Step 3: Verify Domain Ownership by DNS

Domain name ownership verification by DNS is to verify domain ownership by resolving a specific DNS record on the platform hosting the domain name. To this end, you need to add a DNS record for your domain name on the platform. For example, if you purchase a domain name from company A, you need to add a TXT DNS record for your domain name on the domain name management platform of company A.

  • If you apply for a domain name on and the domain name has been resolved by DNS, the system automatically adds DNS records for verification.
  • If your domain name is hosted on other platforms, such as www.net.cn, www.xinnet.com, and www.dnspod.cn, you need to go to the DNS service provider of the domain name to perform the verification.
  • After you submit the certificate application to a CA, complete the configuration of domain name verification based on the information displayed on the certificate list page, or your certificate will remain in the Pending domain name verification state and will fail the verification.
  • After you complete the DNS verification on your side, it still takes a while for the CA to review your DNS verification results.

Step 4: Issue the Certificate

After the domain name ownership is verified using DNS, it takes some time for the CA to approve your application.

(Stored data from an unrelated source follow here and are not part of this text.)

(* Let $X$ be a countable two-dimensional subshift of finite type whose subpattern poset $(X/\!\approx, \succcurlyeq)$ has at least two elements. Then $X$ contains two doubly periodic points $x, y$ (i.e. each invariant under some shift by $(r,0)$ and by $(0,r)$ with $r>0$) with $x \not\approx y$.
   Context: A two-dimensional SFT is the set of configurations in $S^{\mathbb{Z}^2}$ ($S$ finite) avoiding a finite set of forbidden finite patterns. For configurations $x,y$, $x \succcurlyeq y$ means every finite pattern occurring in $y$ also occurs in $x$; $x \approx y$ means $x \succcurlyeq y$ and $y \succcurlyeq x$. The subpattern poset of $X$ is $(X/\!\approx, \succcurlyeq)$. *)

theory Defs
  imports Main "HOL-Library.Countable_Set"
begin

type_synonym 's config = "int \<times> int \<Rightarrow> 's"

type_synonym 's pattern = "int \<times> int \<Rightarrow> 's option"

definition finite_pattern :: "'s pattern \<Rightarrow> bool" where
  "finite_pattern p \<longleftrightarrow> finite (dom p)"

definition occurs_in :: "'s pattern \<Rightarrow> 's config \<Rightarrow> bool" where
  "occurs_in p x \<longleftrightarrow> (\<exists>a b. \<forall>i j. (i, j) \<in> dom p \<longrightarrow> Some (x (i + a, j + b)) = p (i, j))"

definition is_SFT :: "('s::finite) config set \<Rightarrow> bool" where
  "is_SFT X \<longleftrightarrow> (\<exists>F. finite F \<and> (\<forall>p\<in>F. finite_pattern p) \<and>
      X = {x. \<forall>p\<in>F. \<not> occurs_in p x})"

definition subpat_ge :: "'s config \<Rightarrow> 's config \<Rightarrow> bool" where
  "subpat_ge x y \<longleftrightarrow> (\<forall>p. finite_pattern p \<longrightarrow> occurs_in p y \<longrightarrow> occurs_in p x)"

definition subpat_equiv :: "'s config \<Rightarrow> 's config \<Rightarrow> bool" where
  "subpat_equiv x y \<longleftrightarrow> subpat_ge x y \<and> subpat_ge y x"

definition doubly_periodic :: "'s config \<Rightarrow> bool" where
  "doubly_periodic x \<longleftrightarrow> (\<exists>r::int. r > 0 \<and>
      (\<forall>i j. x (i + r, j) = x (i, j)) \<and> (\<forall>i j. x (i, j + r) = x (i, j)))"

end

theory Submission
  imports Defs "HOL-Analysis.Analysis"
begin

(* Proof outline.  Configurations carry the product topology of the discrete alphabet, which is
   compact and Hausdorff; an SFT is a closed, shift-invariant set of configurations.

   (1) Baire and Zorn.  If X is closed, shift-invariant and countable and E is closed and meets X,
       some z in X \<inter> E has only finitely many distinct translates inside E: in a minimal closed
       invariant subset M of X meeting E every point of M \<inter> E has dense orbit, M has an isolated
       point (Baire), hence every point of M \<inter> E is isolated in M, so no infinite set of
       translates can accumulate in M \<inter> E.  With E = X this gives a doubly periodic point p.

   (2) Gluing.  Fix r with p (r,0)- and (0,r)-periodic; position v of z "fits" if the r-block of z
       around v occurs in p.  Where all positions of a half plane fit, z agrees there with a single
       translate of p.  If the non-fitting positions are bounded, or lie in a strip parallel to a
       period of z, we cut z along two such half planes and repeat the piece periodically; the result
       is doubly periodic, still avoids the forbidden patterns and agrees with z near the origin.

   Main theorem: otherwise all doubly periodic points are equivalent to p and fit everywhere.  The
   non-equivalent pair yields a point with a non-fitting position; (1) with E = "does not fit at 0"
   gives such a z whose non-fitting positions are finite or (z having a period) in a strip, and (2)
   produces a doubly periodic point of X not fitting at 0: a contradiction. *)

section \<open>The space of configurations\<close>

definition box :: "int \<Rightarrow> (int \<times> int) set" where
  "box n = {-n..n} \<times> {-n..n}"

definition cyl :: "int \<Rightarrow> 's config \<Rightarrow> 's config set" where
  "cyl n x = {y. \<forall>u\<in>box n. y u = x u}"

definition conf_top :: "'s config topology" where
  "conf_top = product_topology (\<lambda>_. discrete_topology UNIV) UNIV"

definition cyl_closed :: "'s config set \<Rightarrow> bool" where
  "cyl_closed S \<longleftrightarrow> (\<forall>x. (\<forall>n. \<exists>y\<in>S. y \<in> cyl n x) \<longrightarrow> x \<in> S)"

lemma finite_box [simp]: "finite (box n)"
  by (simp add: box_def)

lemma mem_box: "u \<in> box n \<longleftrightarrow> \<bar>fst u\<bar> \<le> n \<and> \<bar>snd u\<bar> \<le> n"
  by (cases u) (simp add: box_def abs_le_iff, arith)

lemma zero_in_box: "r \<ge> 0 \<Longrightarrow> (0::int \<times> int) \<in> box r"
  by (simp add: mem_box)

lemma finite_in_box: "finite A \<Longrightarrow> \<exists>n\<ge>0. A \<subseteq> box n"
proof (induction A rule: finite_induct)
  case empty
  then show ?case by auto
next
  case (insert a A)
  then obtain n where n: "n \<ge> 0" "A \<subseteq> box n" by auto
  define m where "m = max n (max \<bar>fst a\<bar> \<bar>snd a\<bar>)"
  have "box n \<subseteq> box m" by (auto simp: box_def m_def)
  moreover have "a \<in> box m" by (cases a) (auto simp: box_def m_def)
  ultimately show ?case using n by (intro exI[of _ m]) (auto simp: m_def)
qed

lemma cyl_self [simp]: "x \<in> cyl n x"
  by (simp add: cyl_def)

lemma cyl_sym: "y \<in> cyl n x \<Longrightarrow> x \<in> cyl n y"
  by (simp add: cyl_def)

lemma cyl_trans: "y \<in> cyl n x \<Longrightarrow> z \<in> cyl n y \<Longrightarrow> z \<in> cyl n x"
  by (simp add: cyl_def)

lemma topspace_conf_top [simp]: "topspace conf_top = UNIV"
  by (simp add: conf_top_def PiE_UNIV_domain)

lemma compact_conf_top: "compact_space (conf_top :: ('s::finite) config topology)"
  unfolding conf_top_def compact_space_product_topology
  by (simp add: compact_space_discrete_topology)

lemma Hausdorff_conf_top: "Hausdorff_space conf_top"
  unfolding conf_top_def Hausdorff_space_product_topology by simp

lemma openin_cyl: "openin conf_top (cyl n x)"
  unfolding conf_top_def openin_product_topology_alt
proof (intro ballI)
  fix y assume y: "y \<in> cyl n x"
  define U where "U i = (if i \<in> box n then {x i} else UNIV)" for i
  have "{i \<in> UNIV. U i \<noteq> topspace (discrete_topology UNIV)} \<subseteq> box n"
    by (auto simp: U_def)
  then have "finite {i \<in> UNIV. U i \<noteq> topspace (discrete_topology UNIV)}"
    using finite_subset finite_box by blast
  moreover have "y \<in> Pi\<^sub>E UNIV U"
    using y by (simp add: U_def cyl_def PiE_UNIV_domain Pi_iff)
  moreover have "Pi\<^sub>E UNIV U \<subseteq> cyl n x"
  proof
    fix f assume "f \<in> Pi\<^sub>E UNIV U"
    then have fu: "f u \<in> U u" for u by (rule PiE_mem) simp
    have "f u = x u" if "u \<in> box n" for u using fu[of u] that by (simp add: U_def)
    then show "f \<in> cyl n x" by (simp add: cyl_def)
  qed
  ultimately show "\<exists>U. finite {i \<in> UNIV. U i \<noteq> topspace (discrete_topology UNIV)} \<and>
      (\<forall>i\<in>UNIV. openin (discrete_topology UNIV) (U i)) \<and> y \<in> Pi\<^sub>E UNIV U \<and> Pi\<^sub>E UNIV U \<subseteq> cyl n x"
    by auto
qed

lemma open_contains_cyl:
  assumes "openin conf_top U" "x \<in> U"
  shows "\<exists>n. cyl n x \<subseteq> U"
proof -
  from assms obtain V where V: "finite {i \<in> UNIV. V i \<noteq> topspace (discrete_topology UNIV)}"
    "x \<in> Pi\<^sub>E UNIV V" "Pi\<^sub>E UNIV V \<subseteq> U"
    unfolding conf_top_def openin_product_topology_alt by blast
  then obtain n where n: "{i. V i \<noteq> UNIV} \<subseteq> box n"
    using finite_in_box by fastforce
  have "cyl n x \<subseteq> Pi\<^sub>E UNIV V"
  proof
    fix y assume y: "y \<in> cyl n x"
    have "y i \<in> V i" for i
    proof (cases "i \<in> box n")
      case True
      then show ?thesis using y V(2) by (auto simp: cyl_def)
    next
      case False
      then show ?thesis using n by auto
    qed
    then show "y \<in> Pi\<^sub>E UNIV V" by auto
  qed
  with V(3) show ?thesis by blast
qed

lemma cyl_closed_closedin:
  assumes "cyl_closed S"
  shows "closedin conf_top S"
proof -
  have "openin conf_top (UNIV - S)"
  proof (subst openin_subopen, intro ballI)
    fix x assume "x \<in> UNIV - S"
    with assms obtain n where "\<forall>y\<in>S. y \<notin> cyl n x"
      unfolding cyl_closed_def by blast
    then show "\<exists>T. openin conf_top T \<and> x \<in> T \<and> T \<subseteq> UNIV - S"
      by (intro exI[of _ "cyl n x"]) (auto simp: openin_cyl)
  qed
  then show ?thesis by (simp add: closedin_def)
qed

lemma cyl_closed_Int: "cyl_closed A \<Longrightarrow> cyl_closed B \<Longrightarrow> cyl_closed (A \<inter> B)"
  unfolding cyl_closed_def by blast

lemma cyl_closed_Inter: "\<forall>C\<in>\<C>. cyl_closed C \<Longrightarrow> cyl_closed (\<Inter>\<C>)"
  unfolding cyl_closed_def by blast

section \<open>Compactness and the Baire category theorem\<close>

text \<open>Baire: a nonempty countable compact Hausdorff space has an isolated point, since it is
  the countable union of its (closed) singletons.\<close>
lemma countable_compact_Hausdorff_isolated:
  assumes "compact_space T" "Hausdorff_space T" "countable (topspace T)" "topspace T \<noteq> {}"
  shows "\<exists>x\<in>topspace T. openin T {x}"
proof (rule ccontr)
  assume no_isolated: "\<not> ?thesis"
  have "T interior_of \<Union>((\<lambda>x. {x}) ` topspace T) = {}"
  proof (rule Baire_category_alt)
    show "completely_metrizable_space T \<or> locally_compact_space T \<and> regular_space T"
      using assms(1,2) compact_Hausdorff_imp_regular_space compact_imp_locally_compact_space
      by blast
    show "countable ((\<lambda>x. {x}) ` topspace T)"
      using assms(3) by simp
    fix S assume "S \<in> (\<lambda>x. {x}) ` topspace T"
    then obtain x where x: "x \<in> topspace T" "S = {x}" by blast
    have "T interior_of {x} = {}"
      using no_isolated x
      by (metis interior_of_subset openin_interior_of subset_singletonD)
    then show "closedin T S \<and> T interior_of S = {}"
      using assms(2) x by (simp add: closedin_Hausdorff_singleton)
  qed
  then show False
    using assms(4) by (simp add: interior_of_topspace)
qed

lemma countable_closed_isolated:
  fixes S :: "('s::finite) config set"
  assumes "countable S" "cyl_closed S" "S \<noteq> {}"
  shows "\<exists>x\<in>S. \<exists>n. \<forall>y\<in>S. y \<in> cyl n x \<longrightarrow> y = x"
proof -
  let ?Y = "subtopology conf_top S"
  have "closedin conf_top S"
    using assms(2) by (rule cyl_closed_closedin)
  then have "compact_space ?Y"
    using compact_conf_top closedin_compact_space compact_space_subtopology by blast
  moreover have "Hausdorff_space ?Y"
    using Hausdorff_conf_top Hausdorff_space_subtopology by blast
  ultimately obtain x where x: "x \<in> S" "openin ?Y {x}"
    using countable_compact_Hausdorff_isolated[of ?Y] assms(1,3) by auto
  then obtain U where U: "openin conf_top U" "{x} = U \<inter> S"
    by (auto simp: openin_subtopology)
  then obtain n where "cyl n x \<subseteq> U"
    using open_contains_cyl by blast
  with U x(1) show ?thesis by blast
qed

lemma accumulation_point:
  fixes A :: "('s::finite) config set"
  assumes "infinite A" "A \<subseteq> S" "cyl_closed S"
  shows "\<exists>w\<in>S. \<forall>n. \<exists>y\<in>A. y \<noteq> w \<and> y \<in> cyl n w"
proof -
  obtain w where w: "w \<in> conf_top derived_set_of A"
    using compact_space_imp_Bolzano_Weierstrass[OF compact_conf_top assms(1)] by auto
  have acc: "\<forall>n. \<exists>y\<in>A. y \<noteq> w \<and> y \<in> cyl n w"
  proof
    fix n
    show "\<exists>y\<in>A. y \<noteq> w \<and> y \<in> cyl n w"
      using w openin_cyl[of n w] cyl_self[of w n] unfolding in_derived_set_of by blast
  qed
  then have "w \<in> S"
    using assms(2,3) unfolding cyl_closed_def by blast
  with acc show ?thesis by blast
qed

The CA will issue the certificate only after they validate your information.

The certificate takes effect immediately upon issuance. You can deploy the certificate to other cloud products or download the certificate and deploy it on a server.

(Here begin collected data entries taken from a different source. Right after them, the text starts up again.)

(* Let $m=d_1+\cdots+d_k$ with $d_j\ge1$, $W_1,\ldots,W_k$ 2-dimensional vector spaces, and suppose the 1-dimensional subspaces $$\Gamma_j=\bigotimes_{r\ne j}\bigotimes_{p=1}^{d_r}a_j^{r,p},\qquad a_j^{r,p}\subset W_r^*\ \text{1-dimensional},$$ are such that $\sum_{j=1}^k ins_j(S^{d_j}W_j^*\otimes\Gamma_j)$ has dimension $m+1$. Then $a_j^{r,1}=\cdots=a_j^{r,d_r}=:a_j^r$ for all $j\neq r$, i.e. $\Gamma_j=\bigotimes_{r\ne j}(a_j^r)^{\otimes d_r}$.
   Context: The vector spaces are real or complex. $S^dW^*\subset(W^* )^{\otimes d}$ denotes the symmetric tensors. For each $j$, $ins_j:(W_j^* )^{\otimes d_j}\otimes\bigotimes_{i\ne j}(W_i^* )^{\otimes d_i}\to\bigotimes_{i=1}^k(W_i^* )^{\otimes d_i}$ places the first factor into the $j$-th group of $d_j$ slots; in $\bigotimes_{r\ne j}\bigotimes_{p}a_j^{r,p}$ the factor $a_j^{r,p}$ occupies the $p$-th slot of the $r$-th group. *)

theory Defs
  imports "HOL-Analysis.Analysis" "HOL-Library.Function_Algebras" "HOL-Combinatorics.Permutations"
begin

text \<open>Coordinates: each dual space W_r^* (dimension 2) is identified with functions
  bool => 'a (two coordinates).  The tensor space of the k groups of d_r slots
  (groups r < k, slots p < d r) is identified with functions from index assignments
  x :: nat => nat => bool (x r p = index in slot p of group r) to scalars, where only
  valid assignments (x r p = False outside the slots) matter; tensors vanish elsewhere.\<close>

definition valid_idx :: "nat \<Rightarrow> (nat \<Rightarrow> nat) \<Rightarrow> (nat \<Rightarrow> nat \<Rightarrow> bool) \<Rightarrow> bool" where
  "valid_idx k d x \<longleftrightarrow> (\<forall>r p. \<not> (r < k \<and> p < d r) \<longrightarrow> x r p = False)"

definition tscale :: "'a::field \<Rightarrow> ('i \<Rightarrow> 'a) \<Rightarrow> ('i \<Rightarrow> 'a)" where
  "tscale c T = (\<lambda>x. c * T x)"

definition tdim :: "('i \<Rightarrow> 'a::field) set \<Rightarrow> nat" where
  "tdim S = vector_space.dim tscale S"

definition symmetric_tensor :: "nat \<Rightarrow> ((nat \<Rightarrow> bool) \<Rightarrow> 'a) \<Rightarrow> bool" where
  "symmetric_tensor d S \<longleftrightarrow> (\<forall>\<sigma>. \<sigma> permutes {..<d} \<longrightarrow> (\<forall>y. S (y \<circ> \<sigma>) = S y))"

text \<open>ins_j (S^{d_j} W_j^* \<otimes> \<Gamma>_j) where \<Gamma>_j is spanned by
  \<Otimes>_{r \<noteq> j} \<Otimes>_p a j r p.\<close>
definition ins_space ::
  "nat \<Rightarrow> (nat \<Rightarrow> nat) \<Rightarrow> (nat \<Rightarrow> nat \<Rightarrow> nat \<Rightarrow> bool \<Rightarrow> 'a::field) \<Rightarrow> nat
     \<Rightarrow> ((nat \<Rightarrow> nat \<Rightarrow> bool) \<Rightarrow> 'a) set" where
  "ins_space k d a j = {T. \<exists>S. symmetric_tensor (d j) S \<and>
     T = (\<lambda>x. if valid_idx k d x
              then S (x j) * (\<Prod>r\<in>{..<k} - {j}. \<Prod>p<d r. a j r p (x r p))
              else 0)}"

definition same_line :: "(bool \<Rightarrow> 'a::field) \<Rightarrow> (bool \<Rightarrow> 'a) \<Rightarrow> bool" where
  "same_line u v \<longleftrightarrow> (\<exists>c. c \<noteq> 0 \<and> u = (\<lambda>i. c * v i))"

end

theory Submission
  imports Defs
begin

text \<open>If \<open>a_j0^(r0,p)\<close> and \<open>a_j0^(r0,q)\<close> span different lines, the sum contains \<open>m + 2\<close>
  linearly independent tensors. Pair every slot outside group \<open>L\<close> with a generic vector \<open>(1,t)\<close>:
  this sends \<open>ins_L(S \<otimes> \<Gamma>_L)\<close> to a nonzero multiple of \<open>S\<close>, and \<open>ins_l(\<beta>^d_l \<otimes> \<Gamma>_l)\<close>
  for \<open>l \<noteq> L\<close> to \<open>\<beta>(1,t)^d_l\<close> times a fixed form on group \<open>L\<close>. The latter vanishes for
  \<open>S_w = (1,w)^d_l - (1+tw)^d_l (1,0)^d_l\<close>, so the \<open>m\<close> tensors \<open>ins_l(S_w \<otimes> \<Gamma>_l)\<close>,
  \<open>1 \<le> w \<le> d_l\<close>, are separated group by group, and within a group by a Vandermonde argument
  on the strings with \<open>n\<close> leading ones. Contracted at \<open>r0\<close>, the two further tensors
  \<open>ins_r0((1,0)^d_r0 \<otimes> \<Gamma>_r0)\<close> and \<open>ins_j0((1,0)^d_j0 \<otimes> \<Gamma>_j0)\<close> give a symmetric form and
  the product of the \<open>a_j0^(r0,p)\<close>, which is not symmetric.\<close>

lemma (in vector_space) card_le_dim_if_only_trivial_relations:
  assumes fin: "finite I" and sub: "F ` I \<subseteq> span V" and pos: "0 < dim V"
    and triv: "\<And>c. (\<Sum>i\<in>I. scale (c i) (F i)) = 0 \<Longrightarrow> \<forall>i\<in>I. c i = 0"
  shows "card I \<le> dim V"
proof -
  have inj: "inj_on F I"
  proof (rule inj_onI, rule ccontr)
    fix i j assume ij: "i \<in> I" "j \<in> I" "F i = F j" "i \<noteq> j"
    define c where "c l = (if l = i then 1 else if l = j then -1 else (0 :: 'a))" for l
    have "(\<Sum>l\<in>I. scale (c l) (F l)) = (\<Sum>l\<in>{i, j}. scale (c l) (F l))"
      using ij fin by (intro sum.mono_neutral_right) (auto simp: c_def)
    also have "\<dots> = 0"
      using ij by (simp add: c_def)
    finally show False
      using triv[of c] ij by (auto simp: c_def)
  qed
  have indep: "independent (F ` I)"
  proof (rule independent_if_scalars_zero)
    fix f v assume "(\<Sum>v\<in>F ` I. scale (f v) v) = 0" "v \<in> F ` I"
    then show "f v = 0"
      using triv[of "f \<circ> F"] by (auto simp: sum.reindex[OF inj])
  qed (use fin in simp)
  obtain B where B: "independent B" "V \<subseteq> span B" "card B = dim V"
    using basis_exists by metis
  have "finite B"
    using B(3) pos card.infinite by force
  moreover have "F ` I \<subseteq> span B"
    using sub span_mono[OF B(2)] by (simp add: span_span)
  ultimately have "card (F ` I) \<le> card B"
    using independent_span_bound indep by blast
  then show ?thesis
    using B(3) card_image[OF inj] by simp
qed

lemma vector_space_tscale: "vector_space (tscale :: 'a::field \<Rightarrow> ('i \<Rightarrow> 'a) \<Rightarrow> _)"
  by unfold_locales (auto simp: tscale_def fun_eq_iff algebra_simps)

lemma coeffs_zero_if_power_sums_zero:
  fixes c :: "nat \<Rightarrow> 'a::field_char_0"
  assumes "\<forall>n\<in>{1..N}. (\<Sum>w\<in>{1..N}. c w * of_nat w ^ n) = 0"
  shows "\<forall>w\<in>{1..N}. c w = 0"
  using assms
proof (induction N arbitrary: c)
  case 0
  then show ?case by simp
next
  case (Suc N)
  text \<open>Replacing \<open>c w\<close> by \<open>c w (w - (N+1))\<close> kills the top coefficient and keeps the first
    \<open>N\<close> power sums zero.\<close>
  define c' where "c' w = c w * (of_nat w - of_nat (Suc N))" for w
  have "(\<Sum>w\<in>{1..N}. c' w * of_nat w ^ n) = 0" if n: "n \<in> {1..N}" for n
  proof -
    have "(\<Sum>w\<in>{1..N}. c' w * of_nat w ^ n) = (\<Sum>w\<in>{1..Suc N}. c' w * of_nat w ^ n)"
      by (simp add: c'_def)
    also have "\<dots> = (\<Sum>w\<in>{1..Suc N}. c w * of_nat w ^ Suc n)
        - of_nat (Suc N) * (\<Sum>w\<in>{1..Suc N}. c w * of_nat w ^ n)"
      by (simp add: c'_def sum_subtractf sum_distrib_left algebra_simps)
    also have "\<dots> = 0"
      using bspec[OF Suc.prems, of n] bspec[OF Suc.prems, of "Suc n"] n by simp
    finally show ?thesis .
  qed
  then have c'_zero: "\<forall>w\<in>{1..N}. c' w = 0"
    using Suc.IH by blast
  have low: "\<forall>w\<in>{1..N}. c w = 0"
  proof
    fix w assume w: "w \<in> {1..N}"
    then have "(of_nat w :: 'a) \<noteq> of_nat (Suc N)"
      by (simp only: of_nat_eq_iff) auto
    then show "c w = 0"
      using bspec[OF c'_zero w] by (simp add: c'_def)
  qed
  have "(\<Sum>w\<in>{1..Suc N}. c w * of_nat w ^ 1) = 0"
    using bspec[OF Suc.prems, of 1] by simp
  then have "c (Suc N) = 0"
    using low by (simp del: of_nat_Suc)
  with low show ?case
    by (auto simp: le_Suc_eq)
qed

After you submit an application, the CA checks the domain ownership or organization verification status at the following frequency:
  • 0 to 1 hour after the application is submitted: The CA checks the verification status every 15 minutes. Generally, if the configuration is correct, the certificate is issued within 10 to 20 minutes.
  • 1 to 4 hours after the application is submitted: The CA checks the verification every 30 minutes.
  • 4 to 24 hours after the application is submitted: The CA checks the verification every hour.
  • 1 to 7 days after the application is submitted: The CA checks the verification every 4 hours.
  • If you did not complete the required verification over 7 days after the application is submitted, the order times out and is automatically canceled.